**What you will do**. Once you have read the listing, write it all out exactly.

**Records shown**.
───
lemma k0j_admissible_lower_bound:
  assumes b: "b \<in> Hinf_ball" and C: "C \<in> rk_admissible (dBR_kernel b) (k0j b j)"
    and pos: "taylor_defect b j > 0"
  shows "taylor_defect b j \<le> C\<^sup>2"
proof -
  define v where "v \<rho> = power_moment (Suc j)
    (\<lambda>l. sample_weight (Suc j) j \<rho> l * b (sample_point (Suc j) \<rho> l)) (sample_point (Suc j) \<rho>)" for \<rho>
  define t where "t = (\<Sum>m\<le>j. (cmod (taylor_coeff b (j - m)))\<^sup>2)"
  have t: "t = 1 - taylor_defect b j"
    using sum.atLeastAtMost_rev[of "\<lambda>i. (cmod (taylor_coeff b i))\<^sup>2" 0 j]
    by (simp add: t_def taylor_defect_def atLeast0AtMost)
  have v_lim: "((\<lambda>\<rho>. v \<rho> m) \<longlongrightarrow> taylor_coeff b (j - m)) (at_right 0)" if "m \<le> j" for m
    unfolding v_def using power_moment_sample_weight_tendsto[OF Hinf_ball_holomorphic[OF b] that] by simp
  have "((\<lambda>\<rho>. (cmod (1 - (\<Sum>m\<le>j. v \<rho> m * cnj (taylor_coeff b (j - m)))))\<^sup>2)
      \<longlongrightarrow> (cmod (1 - (\<Sum>m\<le>j. taylor_coeff b (j - m) * cnj (taylor_coeff b (j - m)))))\<^sup>2) (at_right 0)"
    by (intro tendsto_intros tendsto_sum v_lim) auto
  also have "(\<Sum>m\<le>j. taylor_coeff b (j - m) * cnj (taylor_coeff b (j - m))) = of_real t"
    unfolding t_def of_real_sum complex_norm_square ..
  finally have lim_left: "((\<lambda>\<rho>. (cmod (1 - (\<Sum>m\<le>j. v \<rho> m * cnj (taylor_coeff b (j - m)))))\<^sup>2)
      \<longlongrightarrow> (taylor_defect b j)\<^sup>2) (at_right 0)"
    using pos by (simp add: t)
  have "((\<lambda>\<rho>. C\<^sup>2 * (1 / (1 - \<rho>\<^sup>2) - (\<Sum>m\<le>j. (cmod (v \<rho> m))\<^sup>2))) \<longlongrightarrow> C\<^sup>2 * (1 / (1 - 0\<^sup>2) - t)) (at_right 0)"
    unfolding t_def by (intro tendsto_intros tendsto_sum tendsto_ident_at v_lim) auto
  then have lim_right: "((\<lambda>\<rho>. C\<^sup>2 * (1 / (1 - \<rho>\<^sup>2) - (\<Sum>m\<le>j. (cmod (v \<rho> m))\<^sup>2)))
      \<longlongrightarrow> C\<^sup>2 * taylor_defect b j) (at_right 0)"
    by (simp add: t)
  have "(taylor_defect b j)\<^sup>2 \<le> C\<^sup>2 * taylor_defect b j"
    using eventually_at_right_real[of 0 1]
    by (intro tendsto_le[OF trivial_limit_at_right_real lim_right lim_left])
      (auto elim!: eventually_mono simp: v_def intro: k0j_admissible_sample_bound[OF b C])
  then show ?thesis
    using pos by (simp add: power2_eq_square)
qed

lemma rkhs_norm_k0j:
  assumes "b \<in> Hinf_ball" and "taylor_defect b j > 0"
  shows "k0j b j \<in> rkhs_space (dBR_kernel b)"
    and "rkhs_norm (dBR_kernel b) (k0j b j) = sqrt (taylor_defect b j)"
proof -
  show "k0j b j \<in> rkhs_space (dBR_kernel b)"
    using k0j_admissible[OF assms] by (auto simp: rkhs_space_def)
  have "sqrt (taylor_defect b j) \<le> C" if "C \<in> rk_admissible (dBR_kernel b) (k0j b j)" for C
  proof -
    have "sqrt (taylor_defect b j) \<le> sqrt (C\<^sup>2)"
      using k0j_admissible_lower_bound[OF assms(1) that assms(2)] by (rule real_sqrt_le_mono)
    also have "\<dots> = C"
      using that by (simp add: rk_admissible_def)
    finally show ?thesis .
  qed
  then show "rkhs_norm (dBR_kernel b) (k0j b j) = sqrt (taylor_defect b j)"
    unfolding rkhs_norm_def using k0j_admissible[OF assms] by (intro cInf_eq_minimum)
qed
───
**Solution for this task**.
lemma k0j_admissible_lower_bound:
  assumes b: "b \<in> Hinf_ball" and C: "C \<in> rk_admissible (dBR_kernel b) (k0j b j)"
    and pos: "taylor_defect b j > 0"
  shows "taylor_defect b j \<le> C\<^sup>2"
proof -
  define v where "v \<rho> = power_moment (Suc j)
    (\<lambda>l. sample_weight (Suc j) j \<rho> l * b (sample_point (Suc j) \<rho> l)) (sample_point (Suc j) \<rho>)" for \<rho>
  define t where "t = (\<Sum>m\<le>j. (cmod (taylor_coeff b (j - m)))\<^sup>2)"
  have t: "t = 1 - taylor_defect b j"
    using sum.atLeastAtMost_rev[of "\<lambda>i. (cmod (taylor_coeff b i))\<^sup>2" 0 j]
    by (simp add: t_def taylor_defect_def atLeast0AtMost)
  have v_lim: "((\<lambda>\<rho>. v \<rho> m) \<longlongrightarrow> taylor_coeff b (j - m)) (at_right 0)" if "m \<le> j" for m
    unfolding v_def using power_moment_sample_weight_tendsto[OF Hinf_ball_holomorphic[OF b] that] by simp
  have "((\<lambda>\<rho>. (cmod (1 - (\<Sum>m\<le>j. v \<rho> m * cnj (taylor_coeff b (j - m)))))\<^sup>2)
      \<longlongrightarrow> (cmod (1 - (\<Sum>m\<le>j. taylor_coeff b (j - m) * cnj (taylor_coeff b (j - m)))))\<^sup>2) (at_right 0)"
    by (intro tendsto_intros tendsto_sum v_lim) auto
  also have "(\<Sum>m\<le>j. taylor_coeff b (j - m) * cnj (taylor_coeff b (j - m))) = of_real t"
    unfolding t_def of_real_sum complex_norm_square ..
  finally have lim_left: "((\<lambda>\<rho>. (cmod (1 - (\<Sum>m\<le>j. v \<rho> m * cnj (taylor_coeff b (j - m)))))\<^sup>2)
      \<longlongrightarrow> (taylor_defect b j)\<^sup>2) (at_right 0)"
    using pos by (simp add: t)
  have "((\<lambda>\<rho>. C\<^sup>2 * (1 / (1 - \<rho>\<^sup>2) - (\<Sum>m\<le>j. (cmod (v \<rho> m))\<^sup>2))) \<longlongrightarrow> C\<^sup>2 * (1 / (1 - 0\<^sup>2) - t)) (at_right 0)"
    unfolding t_def by (intro tendsto_intros tendsto_sum tendsto_ident_at v_lim) auto
  then have lim_right: "((\<lambda>\<rho>. C\<^sup>2 * (1 / (1 - \<rho>\<^sup>2) - (\<Sum>m\<le>j. (cmod (v \<rho> m))\<^sup>2)))
      \<longlongrightarrow> C\<^sup>2 * taylor_defect b j) (at_right 0)"
    by (simp add: t)
  have "(taylor_defect b j)\<^sup>2 \<le> C\<^sup>2 * taylor_defect b j"
    using eventually_at_right_real[of 0 1]
    by (intro tendsto_le[OF trivial_limit_at_right_real lim_right lim_left])
      (auto elim!: eventually_mono simp: v_def intro: k0j_admissible_sample_bound[OF b C])
  then show ?thesis
    using pos by (simp add: power2_eq_square)
qed

lemma rkhs_norm_k0j:
  assumes "b \<in> Hinf_ball" and "taylor_defect b j > 0"
  shows "k0j b j \<in> rkhs_space (dBR_kernel b)"
    and "rkhs_norm (dBR_kernel b) (k0j b j) = sqrt (taylor_defect b j)"
proof -
  show "k0j b j \<in> rkhs_space (dBR_kernel b)"
    using k0j_admissible[OF assms] by (auto simp: rkhs_space_def)
  have "sqrt (taylor_defect b j) \<le> C" if "C \<in> rk_admissible (dBR_kernel b) (k0j b j)" for C
  proof -
    have "sqrt (taylor_defect b j) \<le> sqrt (C\<^sup>2)"
      using k0j_admissible_lower_bound[OF assms(1) that assms(2)] by (rule real_sqrt_le_mono)
    also have "\<dots> = C"
      using that by (simp add: rk_admissible_def)
    finally show ?thesis .
  qed
  then show "rkhs_norm (dBR_kernel b) (k0j b j) = sqrt (taylor_defect b j)"
    unfolding rkhs_norm_def using k0j_admissible[OF assms] by (intro cInf_eq_minimum)
qed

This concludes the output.